GFFBase is a drop-in successor to legacy gffutils. For most users, the migration is one import change.

⚠️ READ THIS FIRST — the OLAP/OLTP gotcha

There is exactly one common code pattern that gets slower, not faster, when you migrate to gffbase. It's the per-id Python loop:

# ❌ ANTI-PATTERN with gffbase: 50 000 small queries.
# Pays DuckDB's vectorization startup × 50 000 + per-row Feature
# construction × 1.6 M. ≥ 10 minutes wall on GENCODE v49.
for transcript_id in fifty_thousand_transcript_ids:
    for exon in db.children(transcript_id, featuretype="exon"):
        starts.append(exon.start)
        ends.append(exon.end)

DuckDB is an OLAP engine — designed for big set-based queries. Iterating it row-by-row pays vectorization startup per call and never amortizes. SQLite (legacy gffutils) is OLTP — its B-tree seek on a cache-warm file is microseconds per call.

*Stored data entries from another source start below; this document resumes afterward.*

(* There is $q_0$ such that the following holds for every prime power $q\ge q_0$. Let $G$ be a graph on $n=q^2(q^2-q+1)$ vertices such that every set $X\subseteq V(G)$ with $|X|\ge 2^{24}q^2$ satisfies $e(G[X])\ge |X|^2/(256q)$. Then, with $t=\lceil 2^{30}q\log^2 q\rceil$, the number of independent sets of size $t$ in $G$ is at most $(q/\log^2 q)^t$.
   Context: $e(G[X])$ denotes the number of edges of the subgraph of $G$ induced by $X$. Logarithms are natural. *)

theory Defs
  imports "HOL-Analysis.Analysis" "HOL-Number_Theory.Prime_Powers"
begin

definition simple_graph :: "'a set \<Rightarrow> ('a \<Rightarrow> 'a \<Rightarrow> bool) \<Rightarrow> bool" where
  "simple_graph V E \<longleftrightarrow> finite V \<and> (\<forall>u v. E u v \<longrightarrow> u \<in> V \<and> v \<in> V)
     \<and> (\<forall>u v. E u v \<longrightarrow> E v u) \<and> (\<forall>v. \<not> E v v)"

definition edges_in :: "('a \<Rightarrow> 'a \<Rightarrow> bool) \<Rightarrow> 'a set \<Rightarrow> nat" where
  "edges_in E X = card {{u, v} | u v. u \<in> X \<and> v \<in> X \<and> E u v}"

definition independent_set :: "'a set \<Rightarrow> ('a \<Rightarrow> 'a \<Rightarrow> bool) \<Rightarrow> 'a set \<Rightarrow> bool" where
  "independent_set V E S \<longleftrightarrow> S \<subseteq> V \<and> (\<forall>u\<in>S. \<forall>v\<in>S. \<not> E u v)"

end

theory Submission imports Defs begin

text \<open>
  Kleitman--Winston counting. By the density hypothesis every set \<open>X\<close> of at least
  \<open>m = 2\<^sup>2\<^sup>4 q\<^sup>2\<close> vertices contains a vertex of degree at least \<open>\<delta>|X|\<close> in \<open>X\<close>, where
  \<open>\<delta> = 1/(256 q)\<close>; in particular no such \<open>X\<close> is independent, which settles \<open>t \<ge> m\<close>.
  Given such a vertex \<open>v\<close> of the current vertex set \<open>A\<close>, an independent set either avoids \<open>v\<close>,
  or contains \<open>v\<close> and avoids its neighbourhood, leaving at most \<open>(1 - \<delta>)|A|\<close> candidates.
  The second alternative can occur at most \<open>s \<approx> 512 q log q\<close> times before fewer than \<open>m\<close>
  candidates remain, and induction on \<open>s\<close> and \<open>|A|\<close> bounds the number of independent
  \<open>t\<close>-sets by \<open>(n + 1)\<^sup>s \<Sum>\<^sub>j\<^sub>\<le>\<^sub>t C(m, j) \<le> (n + 1)\<^sup>s (e m / t)\<^sup>t\<close>, which for
  \<open>t \<approx> 2\<^sup>3\<^sup>0 q log\<^sup>2 q\<close> is at most \<open>(q / log\<^sup>2 q)\<^sup>t\<close>.
\<close>

definition indep_sets :: "'a set \<Rightarrow> ('a \<Rightarrow> 'a \<Rightarrow> bool) \<Rightarrow> nat \<Rightarrow> 'a set set" where
  "indep_sets A E k = {S. independent_set A E S \<and> card S = k}"

definition degree_in :: "('a \<Rightarrow> 'a \<Rightarrow> bool) \<Rightarrow> 'a set \<Rightarrow> 'a \<Rightarrow> nat" where
  "degree_in E X v = card {u \<in> X. E v u}"

lemma finite_indep_sets: "finite A \<Longrightarrow> finite (indep_sets A E k)"
  by (rule finite_subset[of _ "Pow A"]) (auto simp: indep_sets_def independent_set_def)

lemma card_indep_sets_le_binomial:
  assumes "finite A"
  shows "card (indep_sets A E k) \<le> card A choose k"
proof -
  have "card (indep_sets A E k) \<le> card {B. B \<subseteq> A \<and> card B = k}"
    using assms by (intro card_mono) (auto simp: indep_sets_def independent_set_def)
  then show ?thesis
    using n_subsets[OF assms] by simp
qed

lemma card_indep_sets_0_le:
  assumes "finite A"
  shows "card (indep_sets A E 0) \<le> 1"
proof -
  have "indep_sets A E 0 \<subseteq> {{}}"
    using assms by (auto simp: indep_sets_def independent_set_def card_eq_0_iff dest: finite_subset)
  then show ?thesis
    using card_mono[of "{{}}"] by simp
qed

lemma card_indep_sets_split:
  assumes "finite A" "v \<in> A" "0 < k"
  shows "card (indep_sets A E k)
    \<le> card (indep_sets (A - {v}) E k) + card (indep_sets (A - {v} - {u. E v u}) E (k - 1))"
proof -
  let ?I1 = "indep_sets (A - {v}) E k" and ?I2 = "indep_sets (A - {v} - {u. E v u}) E (k - 1)"
  have fin: "finite ?I1" "finite ?I2"
    using assms(1) by (auto intro: finite_indep_sets)
  have "indep_sets A E k \<subseteq> ?I1 \<union> insert v ` ?I2"
  proof
    fix S assume S: "S \<in> indep_sets A E k"
    then have "finite S"
      using assms(1) by (auto simp: indep_sets_def independent_set_def intro: finite_subset)
    show "S \<in> ?I1 \<union> insert v ` ?I2"
    proof (cases "v \<in> S")
      case True
      then have "S - {v} \<in> ?I2"
        using S \<open>finite S\<close> assms(3) by (auto simp: indep_sets_def independent_set_def)
      moreover have "S = insert v (S - {v})"
        using True by blast
      ultimately show ?thesis
        by blast
    next
      case False
      then show ?thesis
        using S by (auto simp: indep_sets_def independent_set_def)
    qed
  qed
  then have "card (indep_sets A E k) \<le> card (?I1 \<union> insert v ` ?I2)"
    using fin by (intro card_mono) auto
  also have "\<dots> \<le> card ?I1 + card (insert v ` ?I2)"
    by (rule card_Un_le)
  also have "\<dots> \<le> card ?I1 + card ?I2"
    using card_image_le[OF fin(2)] by simp
  finally show ?thesis .
qed

lemma card_indep_sets_branch:
  fixes \<delta> :: real
  assumes "finite A" "v \<in> A" "\<not> E v v" "0 < k" "\<delta> * real (card A) \<le> real (degree_in E A v)"
  obtains A' where "A' \<subseteq> A" "card A' < card A" "real (card A') \<le> (1 - \<delta>) * real (card A)"
    and "card (indep_sets A E k) \<le> card (indep_sets (A - {v}) E k) + card (indep_sets A' E (k - 1))"
proof
  let ?A' = "A - {v} - {u. E v u}"
  have "?A' = A - insert v {u \<in> A. E v u}"
    by auto
  moreover have "card (insert v {u \<in> A. E v u}) = degree_in E A v + 1"
    using assms(1,3) by (simp add: degree_in_def)
  moreover have "insert v {u \<in> A. E v u} \<subseteq> A"
    using assms(2) by auto
  ultimately have card_A': "card ?A' + degree_in E A v + 1 = card A"
    using assms(1) card_mono[of A "insert v {u \<in> A. E v u}"]
    by (simp add: card_Diff_subset finite_subset)
  then show "card ?A' < card A"
    by linarith
  have "real (card ?A') + real (degree_in E A v) + 1 = real (card A)"
    using arg_cong[OF card_A', of real] by simp
  then show "real (card ?A') \<le> (1 - \<delta>) * real (card A)"
    using assms(5) by (simp add: algebra_simps)
  show "card (indep_sets A E k) \<le> card (indep_sets (A - {v}) E k) + card (indep_sets ?A' E (k - 1))"
    using card_indep_sets_split[OF assms(1,2,4)] .
qed auto

lemma edges_in_le_sum_degree_in:
  assumes "finite X"
  shows "edges_in E X \<le> (\<Sum>u\<in>X. degree_in E X u)"
proof -
  have fin: "finite (SIGMA u:X. {v \<in> X. E u v})"
    using assms by auto
  have "{{u, v} | u v. u \<in> X \<and> v \<in> X \<and> E u v} = (\<lambda>(u, v). {u, v}) ` (SIGMA u:X. {v \<in> X. E u v})"
    by auto
  then have "edges_in E X \<le> card (SIGMA u:X. {v \<in> X. E u v})"
    unfolding edges_in_def using card_image_le[OF fin] by simp
  also have "\<dots> = (\<Sum>u\<in>X. degree_in E X u)"
    using assms by (simp add: degree_in_def)
  finally show ?thesis .
qed

lemma exists_degree_in_ge_edge_density:
  fixes c :: real
  assumes "finite X" "X \<noteq> {}" "c * real (card X)^2 \<le> real (edges_in E X)"
  shows "\<exists>v\<in>X. c * real (card X) \<le> real (degree_in E X v)"
proof -
  have "Max (degree_in E X ` X) \<in> degree_in E X ` X"
    using assms(1,2) by (intro Max_in) auto
  then obtain w where w: "w \<in> X" "degree_in E X w = Max (degree_in E X ` X)"
    by (metis imageE)
  have edges: "edges_in E X \<le> card X * degree_in E X w"
    using order_trans[OF edges_in_le_sum_degree_in[OF assms(1)] sum_le_card_Max[OF assms(1)]] w(2)
    by simp
  have "real (card X) * (c * real (card X)) \<le> real (card X) * real (degree_in E X w)"
    using assms(3) of_nat_mono[OF edges, where 'a=real] by (simp add: power2_eq_square algebra_simps)
  moreover have "0 < real (card X)"
    using assms(1,2) by (simp add: card_gt_0_iff)
  ultimately show ?thesis
    using w(1) mult_le_cancel_left_pos by blast
qed

lemma edge_density_imp_high_degree:
  fixes c :: real
  assumes "finite X" "0 < c" "0 < card X" "c * real (card X)^2 \<le> real (edges_in E X)"
  shows "0 < edges_in E X" and "\<exists>v\<in>X. c * real (card X) \<le> real (degree_in E X v)"
proof -
  have "0 < c * real (card X)^2"
    using assms(2,3) by simp
  then show "0 < edges_in E X"
    using assms(4) by linarith
  show "\<exists>v\<in>X. c * real (card X) \<le> real (degree_in E X v)"
    using assms(1,3,4) by (intro exists_degree_in_ge_edge_density) auto
qed

lemma edges_in_eq_0_if_independent:
  assumes "independent_set V E S"
  shows "edges_in E S = 0"
proof -
  have "{{u, v} | u v. u \<in> S \<and> v \<in> S \<and> E u v} = {}"
    using assms unfolding independent_set_def by blast
  then show ?thesis
    by (simp only: edges_in_def card.empty)
qed

lemma indep_sets_eq_empty_if_dense:
  assumes "\<And>S. S \<subseteq> V \<Longrightarrow> m \<le> card S \<Longrightarrow> 0 < edges_in E S" "m \<le> t"
  shows "indep_sets V E t = {}"
proof -
  have "S \<notin> indep_sets V E t" for S
  proof
    assume "S \<in> indep_sets V E t"
    then have S: "independent_set V E S" "m \<le> card S"
      using assms(2) by (auto simp: indep_sets_def)
    then have "0 < edges_in E S"
      using assms(1) by (simp add: independent_set_def)
    then show False
      using edges_in_eq_0_if_independent[OF S(1)] by simp
  qed
  then show ?thesis
    by blast
qed

lemma sum_binomial_le_exp_power:
  fixes m t :: nat
  assumes t0: "0 < t" and tm: "t \<le> m"
  shows "real (\<Sum>j\<le>t. m choose j) \<le> (exp 1 * real m / real t)^t"
proof -
  define x where "x = real t / real m"
  have x0: "0 < x" and x1: "x \<le> 1"
    using t0 tm by (auto simp: x_def)
  have "real (\<Sum>j\<le>t. m choose j) * x^t = (\<Sum>j\<le>t. real (m choose j) * x^t)"
    by (simp add: sum_distrib_right)
  also have "\<dots> \<le> (\<Sum>j\<le>t. real (m choose j) * x^j)"
    using x0 x1 by (intro sum_mono mult_left_mono power_decreasing) auto
  also have "\<dots> \<le> (\<Sum>j\<le>m. real (m choose j) * x^j)"
    using tm x0 by (intro sum_mono2) auto
  also have "\<dots> = (x + 1)^m"
    by (simp add: binomial_ring)
  also have "\<dots> \<le> exp x ^ m"
    using x0 by (intro power_mono) (auto simp: add.commute)
  also have "\<dots> = exp 1 ^ t"
    using tm t0 by (simp add: x_def flip: exp_of_nat_mult)
  finally have h: "real (\<Sum>j\<le>t. m choose j) * x^t \<le> exp 1 ^ t" .
  have "(exp 1 * real m / real t)^t = exp 1 ^ t / x^t"
    using t0 tm by (simp add: x_def power_divide power_mult_distrib)
  then show ?thesis
    using h x0 by (simp add: pos_le_divide_eq)
qed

✅ The fix — one canonical PyArrow snippet

# ✅ ONE set-based SQL query for all 50 000 transcripts.
# Returns a zero-copy pyarrow.Table — no `Feature` object is ever
# constructed. 1.16 s wall on GENCODE v49 → a 553× speedup.
exons = db.children_batched(
    fifty_thousand_transcript_ids,
    featuretype="exon",
    format="arrow",         # or "df" / "polars"
)

# NumPy / PyTorch / JAX / Hugging Face datasets — all native.
starts = exons.column("start").to_numpy()
ends   = exons.column("end").to_numpy()

# The "anchor" column carries the input transcript_id for each row,
# so you can groupby in Python or downstream Arrow tooling without
# re-issuing N queries:
import pyarrow.compute as pc
per_tx_exon_count = pc.value_counts(exons.column("anchor"))

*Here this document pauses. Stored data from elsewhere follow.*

lemma nn_integral_exchangeable_equivariant_le_one:
  assumes "prob_space M" and exch: "exchangeable M MX MY N X Y"
    and X: "\<And>i. i \<in> {1..N} \<Longrightarrow> X i \<in> measurable M MX"
    and Y: "\<And>i. i \<in> {1..N} \<Longrightarrow> Y i \<in> measurable M MY"
    and I: "I \<subseteq> {1..N}" "k\<^sub>0 \<in> I"
    and g: "\<And>k. k \<in> I \<Longrightarrow> g k \<in> borel_measurable (PiM {1..N} (\<lambda>_. MX \<Otimes>\<^sub>M MY))"
    and equivariant: "\<And>\<pi> k z. \<pi> permutes I \<Longrightarrow> k \<in> I \<Longrightarrow> g k (z \<circ> \<pi>) = g (\<pi> k) z"
    and sum_le: "\<And>z. z \<in> space (PiM {1..N} (\<lambda>_. MX \<Otimes>\<^sub>M MY)) \<Longrightarrow> (\<Sum>k\<in>I. g k z) \<le> of_nat (card I)"
  shows "(\<integral>\<^sup>+\<omega>. g k\<^sub>0 (sample N X Y \<omega>) \<partial>M) \<le> 1"
proof -
  interpret prob_space M by fact
  have Z: "sample N X Y \<in> measurable M (PiM {1..N} (\<lambda>_. MX \<Otimes>\<^sub>M MY))"
    using X Y by (rule measurable_sample)
  have fin: "finite I"
    using I(1) finite_subset by blast
  have same: "(\<integral>\<^sup>+\<omega>. g k (sample N X Y \<omega>) \<partial>M) = (\<integral>\<^sup>+\<omega>. g k\<^sub>0 (sample N X Y \<omega>) \<partial>M)" if k: "k \<in> I" for k
  proof -
    have swap: "Transposition.transpose k k\<^sub>0 permutes I"
      using k I(2) by (rule permutes_swap_id)
    have "(\<integral>\<^sup>+\<omega>. g k\<^sub>0 (sample N X Y \<omega> \<circ> Transposition.transpose k k\<^sub>0) \<partial>M) = (\<integral>\<^sup>+\<omega>. g k\<^sub>0 (sample N X Y \<omega>) \<partial>M)"
      using exch permutes_subset[OF swap I(1)] X Y g[OF I(2)] by (rule nn_integral_exchangeable_permute)
    then show ?thesis
      using equivariant[OF swap I(2)] by simp
  qed
  have "of_nat (card I) * (\<integral>\<^sup>+\<omega>. g k\<^sub>0 (sample N X Y \<omega>) \<partial>M) = (\<Sum>k\<in>I. \<integral>\<^sup>+\<omega>. g k (sample N X Y \<omega>) \<partial>M)"
    using same by simp
  also have "\<dots> = (\<integral>\<^sup>+\<omega>. (\<Sum>k\<in>I. g k (sample N X Y \<omega>)) \<partial>M)"
    using measurable_compose[OF Z g] by (intro nn_integral_sum[symmetric]) auto
  also have "\<dots> \<le> (\<integral>\<^sup>+\<omega>. of_nat (card I) \<partial>M)"
    using sum_le measurable_space[OF Z] by (intro nn_integral_mono) auto
  also have "\<dots> = of_nat (card I) * 1"
    by (simp add: emeasure_space_1)
  finally show ?thesis
    using fin I(2) by (subst (asm) ennreal_mult_le_mult_iff) (auto simp: card_gt_0_iff)
qed

lemma nn_integral_oracle_weight_le_one:
  assumes "prob_space M" and exch: "exchangeable M MX MY (n + m) X Y"
    and X: "\<And>i. i \<in> {1..n+m} \<Longrightarrow> X i \<in> measurable M MX"
    and Y: "\<And>i. i \<in> {1..n+m} \<Longrightarrow> Y i \<in> measurable M MY"
    and score_measurable: "score \<in> borel_measurable (MX \<Otimes>\<^sub>M MY)"
    and loss_measurable: "loss \<in> borel_measurable (MX \<Otimes>\<^sub>M MY)"
    and loss_nonneg: "\<And>z. z \<in> space (MX \<Otimes>\<^sub>M MY) \<Longrightarrow> 0 \<le> loss z"
    and j: "j \<in> {1..m}"
  shows "(\<integral>\<^sup>+\<omega>. ennreal (oracle_weight n m (\<lambda>i. score (X i \<omega>, Y i \<omega>))
            (\<lambda>i. loss (X i \<omega>, Y i \<omega>)) \<gamma> j (n + j)) \<partial>M) \<le> 1"
proof -
  let ?P = "PiM {1..n+m} (\<lambda>_. MX \<Otimes>\<^sub>M MY)"
  define g where "g k z = ennreal (oracle_weight n m (\<lambda>i. score (z i)) (\<lambda>i. loss (z i)) \<gamma> j k)" for k z
  note C = calib_test_indices_subset[OF j]
  have "(\<integral>\<^sup>+\<omega>. g (n + j) (sample (n + m) X Y \<omega>) \<partial>M) \<le> 1"
  proof (rule nn_integral_exchangeable_equivariant_le_one[OF assms(1) exch X Y C])
    show "n + j \<in> calib_test_indices n j"
      by (simp add: calib_test_indices_def)
  next
    fix k assume "k \<in> calib_test_indices n j"
    with C have k: "k \<in> {1..n+m}"
      by blast
    have [measurable]: "(\<lambda>z. z i) \<in> measurable ?P (MX \<Otimes>\<^sub>M MY)" if "i \<in> {1..n+m}" for i
      using that by (rule measurable_component_singleton)
    have "(\<lambda>z. oracle_weight n m (\<lambda>i. score (z i)) (\<lambda>i. loss (z i)) \<gamma> j k) \<in> borel_measurable ?P"
      using j k by (intro borel_measurable_oracle_weight) (use score_measurable loss_measurable in measurable)
    then show "g k \<in> borel_measurable ?P"
      unfolding g_def[abs_def] by measurable
  next
    fix \<pi> k z assume "\<pi> permutes calib_test_indices n j"
    from oracle_weight_permute[OF this j, of "\<lambda>i. score (z i)" "\<lambda>i. loss (z i)"]
    show "g k (z \<circ> \<pi>) = g (\<pi> k) z"
      by (simp add: g_def comp_def)
  next
    fix z assume "z \<in> space ?P"
    then have "z i \<in> space (MX \<Otimes>\<^sub>M MY)" if "i \<in> {1..n+m}" for i
      using that by (auto simp: space_PiM)
    then have "0 \<le> loss (z i)" if "i \<in> calib_test_indices n j" for i
      using C that loss_nonneg by blast
    then have "(\<Sum>k\<in>calib_test_indices n j. g k z)
        = ennreal (\<Sum>k\<in>calib_test_indices n j. oracle_weight n m (\<lambda>i. score (z i)) (\<lambda>i. loss (z i)) \<gamma> j k)"
      unfolding g_def by (intro sum_ennreal) (auto intro: oracle_weight_nonneg)
    also have "\<dots> \<le> ennreal (real n + 1)"
      by (intro ennreal_leI sum_oracle_weight_le)
    also have "\<dots> = of_nat (card (calib_test_indices n j))"
      using j by (simp add: card_calib_test_indices ennreal_of_nat_eq_real_of_nat)
    finally show "(\<Sum>k\<in>calib_test_indices n j. g k z) \<le> of_nat (card (calib_test_indices n j))" .
  qed
  moreover have "g (n + j) (sample (n + m) X Y \<omega>) = ennreal (oracle_weight n m (\<lambda>i. score (X i \<omega>, Y i \<omega>))
      (\<lambda>i. loss (X i \<omega>, Y i \<omega>)) \<gamma> j (n + j))" for \<omega>
    unfolding g_def using j by (intro arg_cong[where f = ennreal] oracle_weight_cong) (auto simp: sample_def)
  ultimately show ?thesis
    by simp
qed

theorem theorem5p1:
  fixes M :: "'a measure" and MX :: "'x measure" and MY :: "'y measure"
    and X :: "nat \<Rightarrow> 'a \<Rightarrow> 'x" and Y :: "nat \<Rightarrow> 'a \<Rightarrow> 'y"
    and f :: "'f" and risk :: "'f \<Rightarrow> 'x \<Rightarrow> 'y \<Rightarrow> real"
    and s :: "'x \<Rightarrow> real" and n m j :: nat and \<gamma> :: real
  assumes "prob_space M"
    and "\<And>i. i \<in> {1..n+m} \<Longrightarrow> X i \<in> measurable M MX"
    and "\<And>i. i \<in> {1..n+m} \<Longrightarrow> Y i \<in> measurable M MY"
    and "exchangeable M MX MY (n + m) X Y"
    and "(\<lambda>(x, y). risk f x y) \<in> borel_measurable (MX \<Otimes>\<^sub>M MY)"
    and "\<And>x y. x \<in> space MX \<Longrightarrow> y \<in> space MY \<Longrightarrow> risk f x y \<in> {0..1}"
    and "s \<in> borel_measurable MX"
    and "\<And>x. x \<in> space MX \<Longrightarrow> s x \<in> {0..1}"
    and "\<gamma> > 0"
    and "j \<in> {1..m}"
  shows "(\<forall>\<omega>\<in>space M.
            Egam n m (\<lambda>i. s (X i \<omega>)) (\<lambda>i. risk f (X i \<omega>) (Y i \<omega>)) \<gamma> j \<ge> 0)
       \<and> (\<integral>\<^sup>+ \<omega>. e2ennreal (ereal (risk f (X (n + j) \<omega>) (Y (n + j) \<omega>))
                  * Egam n m (\<lambda>i. s (X i \<omega>)) (\<lambda>i. risk f (X i \<omega>) (Y i \<omega>)) \<gamma> j) \<partial>M) \<le> 1"
proof -
  let ?S = "\<lambda>\<omega> i. s (X i \<omega>)" and ?L = "\<lambda>\<omega> i. risk f (X i \<omega>) (Y i \<omega>)"
  let ?w = "\<lambda>\<omega>. oracle_weight n m (?S \<omega>) (?L \<omega>) \<gamma> j (n + j)"
  have loss_01: "?L \<omega> i \<in> {0..1}" if "\<omega> \<in> space M" "i \<in> {1..n+m}" for \<omega> i
    using assms(6) measurable_space[OF assms(2)] measurable_space[OF assms(3)] that by blast
  have score: "(\<lambda>(x, y). s x) \<in> borel_measurable (MX \<Otimes>\<^sub>M MY)"
    using assms(7) by measurable
  have loss_nonneg: "0 \<le> (\<lambda>(x, y). risk f x y) z" if "z \<in> space (MX \<Otimes>\<^sub>M MY)" for z
    using assms(6) that by (auto simp: space_pair_measure)
  have "(\<integral>\<^sup>+\<omega>. ennreal (?w \<omega>) \<partial>M) \<le> 1"
    using nn_integral_oracle_weight_le_one[OF assms(1,4,2,3) score assms(5) loss_nonneg assms(10)] by simp
  moreover have "(\<integral>\<^sup>+\<omega>. e2ennreal (ereal (?L \<omega> (n + j)) * Egam n m (?S \<omega>) (?L \<omega>) \<gamma> j) \<partial>M)
      \<le> (\<integral>\<^sup>+\<omega>. ennreal (?w \<omega>) \<partial>M)"
  proof (rule nn_integral_mono)
    fix \<omega> assume "\<omega> \<in> space M"
    have "ereal (?L \<omega> (n + j)) * Egam n m (?S \<omega>) (?L \<omega>) \<gamma> j \<le> ereal (?w \<omega>)"
      using loss_01[OF \<open>\<omega> \<in> space M\<close>] calib_test_indices_subset[OF assms(10), of n] assms(10)
      by (intro test_loss_mult_Egam_le_oracle_weight) auto
    then show "e2ennreal (ereal (?L \<omega> (n + j)) * Egam n m (?S \<omega>) (?L \<omega>) \<gamma> j) \<le> ennreal (?w \<omega>)"
      by (metis e2ennreal_mono e2ennreal_ereal)
  qed
  moreover have "\<forall>\<omega>\<in>space M. 0 \<le> Egam n m (?S \<omega>) (?L \<omega>) \<gamma> j"
    using loss_01 by (auto intro!: Egam_nonneg)
  ultimately show ?thesis
    by (meson order_trans)
qed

If your code has a for x in ids: db.children(x, …) loop and you care about wall time, convert it now, before you migrate. This is the only common change required of legacy gffutils users.


1. Drop-in compatibility — the easy part

Every public surface from legacy gffutils is preserved verbatim:

gffutils symbol gffbase equivalent
gffutils.create_db(path, dbfn, ...) gffbase.create_db(path, dbfn, ...)
gffutils.FeatureDB(dbfn) gffbase.FeatureDB(dbfn)
gffutils.Feature(...) gffbase.Feature(...)
gffutils.DataIterator(...) gffbase.DataIterator(...)
gffutils.GFFWriter(...) gffbase.GFFWriter(...)
gffutils.merge_criteria.* gffbase.merge_criteria.*
gffutils.example_filename(name) gffbase.example_filename(name)
Exceptions (FeatureNotFoundError, …) same names
# Before
import gffutils
db = gffutils.create_db("annotation.gff3", "annotation.db")

# After
import gffbase as gffutils      # one-line alias migration
db = gffutils.create_db("annotation.gff3", "annotation.duckdb")

All FeatureDB methods (children, parents, region, features_of_type, interfeatures, merge, bed12, update, delete, add_relation, execute, …) accept the same arguments and return generators of Feature objects — identical to the legacy API.

The storage backend changes (DuckDB instead of SQLite). This is transparent for almost all callers, but raw SQL queries that hit the legacy schema directly via db.execute(...) need rewriting against the GFFBase schema (or against the SQLite-compat views; see §4). We also ship gffbase.export_sqlite(con, path) to dump a GFFBase database into a legacy .sqlite file when you need the old format.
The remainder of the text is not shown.